Note: R does not have a built-in function for the statistical mode, so we use a custom table-based approach.
shoe_sizes <- c(7, 8, 8, 9, 10, 10, 10, 11)
get_mode <- function(v) {
uniqv <- unique(v)
uniqv[which.max(tabulate(match(v, uniqv)))]
}
print(paste("The mode shoe size is:", get_mode(shoe_sizes)))

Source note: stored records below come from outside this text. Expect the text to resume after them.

(* Let $\varphi(t,a,v)$ solve the non-autonomous first passage time problem (NFPT) defined in the context, let $P(t,a)=\int_{-\infty}^1\varphi(t,a,v)\,dv>0$, $ISI(t,a)=-\frac{\sigma^2}{2}\partial_v\varphi(t,a,1)$, and define the hazard rate $S(t,a)=ISI(t,a)/P(t,a)$. Let $n(t,a)$ solve the age-structured system $$\partial_t n(t,a)+\partial_a n(t,a)+S(t,a)n(t,a)=0,\qquad n(t,0)=\int_0^\infty S(t,a)n(t,a)\,da.$$ Then $$\pi(t,a,v)=\frac{\varphi(t,a,v)}{P(t,a)}\,n(t,a)$$ satisfies the equation $\partial_t\pi+\partial_a\pi+\partial_v[(\mu(t)-v)\pi]-\frac{\sigma^2}{2}\partial_v^2\pi=0$, the absorbing condition $\pi(t,a,1)=0$, the no-flux condition $\lim_{v\to-\infty}[(v-\mu(t))\pi+\frac{\sigma^2}{2}\partial_v\pi]=0$, and the reset condition $\pi(t,0,v)=\delta(v-v_r)\,r(t)$ with $r(t)=\int_0^\infty S(t,a)n(t,a)\,da=\int_0^\infty\rho(t,a)\,da$, where $\rho(t,a)=-\frac{\sigma^2}{2}\partial_v\pi(t,a,1)$; i.e. $\pi$ solves the age-and-potential system with time-dependent stimulus $\mu(t)$.
   Context: Fix $\sigma>0$, a reset potential $v_r<1$ and a time-dependent stimulus $\mu:[0,\infty)\to\mathbb R$. The non-autonomous first passage time problem (NFPT): find $\varphi(t,a,v)$, $t>0$, $a>0$, $v<1$, such that $$\partial_t\varphi+\partial_a\varphi+\partial_v\big[(\mu(t)-v)\varphi\big]-\frac{\sigma^2}{2}\partial_v^2\varphi=0,$$ $\varphi(t,0,v)=\delta(v-v_r)$, $\varphi(t,a,1)=0$, $\lim_{v\to-\infty}\big[(v-\mu(t))\varphi+\frac{\sigma^2}{2}\partial_v\varphi\big]=0$, and $\varphi(0,a,v)=\varphi_0(a,v)$, where $\varphi_0$ is the solution of the autonomous first passage time problem with constant stimulus $\mu(0)$: $\partial_a\varphi_0+\partial_v[(\mu(0)-v)\varphi_0]-\frac{\sigma^2}{2}\partial_v^2\varphi_0=0$, $\varphi_0(0,v)=\delta(v-v_r)$, $\varphi_0(a,1)=0$, no-flux condition at $v\to-\infty$. *)

theory Defs
  imports "HOL-Analysis.Analysis"
begin

definition d_t :: "(real \<Rightarrow> real \<Rightarrow> real \<Rightarrow> real) \<Rightarrow> real \<Rightarrow> real \<Rightarrow> real \<Rightarrow> real" where
  "d_t f t a v = deriv (\<lambda>s. f s a v) t"

definition d_a :: "(real \<Rightarrow> real \<Rightarrow> real \<Rightarrow> real) \<Rightarrow> real \<Rightarrow> real \<Rightarrow> real \<Rightarrow> real" where
  "d_a f t a v = deriv (\<lambda>b. f t b v) a"

definition d_v :: "(real \<Rightarrow> real \<Rightarrow> real \<Rightarrow> real) \<Rightarrow> real \<Rightarrow> real \<Rightarrow> real \<Rightarrow> real" where
  "d_v f t a v = deriv (\<lambda>w. f t a w) v"

definition d_vv :: "(real \<Rightarrow> real \<Rightarrow> real \<Rightarrow> real) \<Rightarrow> real \<Rightarrow> real \<Rightarrow> real \<Rightarrow> real" where
  "d_vv f t a v = deriv (\<lambda>w. d_v f t a w) v"

definition left_deriv :: "(real \<Rightarrow> real) \<Rightarrow> real \<Rightarrow> real" where
  "left_deriv f x = (THE D. (f has_real_derivative D) (at_left x))"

## [1] "The mode shoe size is: 10"
| Measure | Best Used For… | Sensitivity to Outliers |
|---|---|---|
| Mean | Continuous data with a symmetrical distribution (e.g., Height). | High (Easily skewed) |
| Median | Skewed data or data with outliers (e.g., Salaries). | Low (Robust) |
| Mode | Categorical/Nominal data (e.g., Most popular car color). | Low |
Consider the following dataset representing the number of hours 7
students spent studying: 2, 3, 3, 4, 5, 8, 20.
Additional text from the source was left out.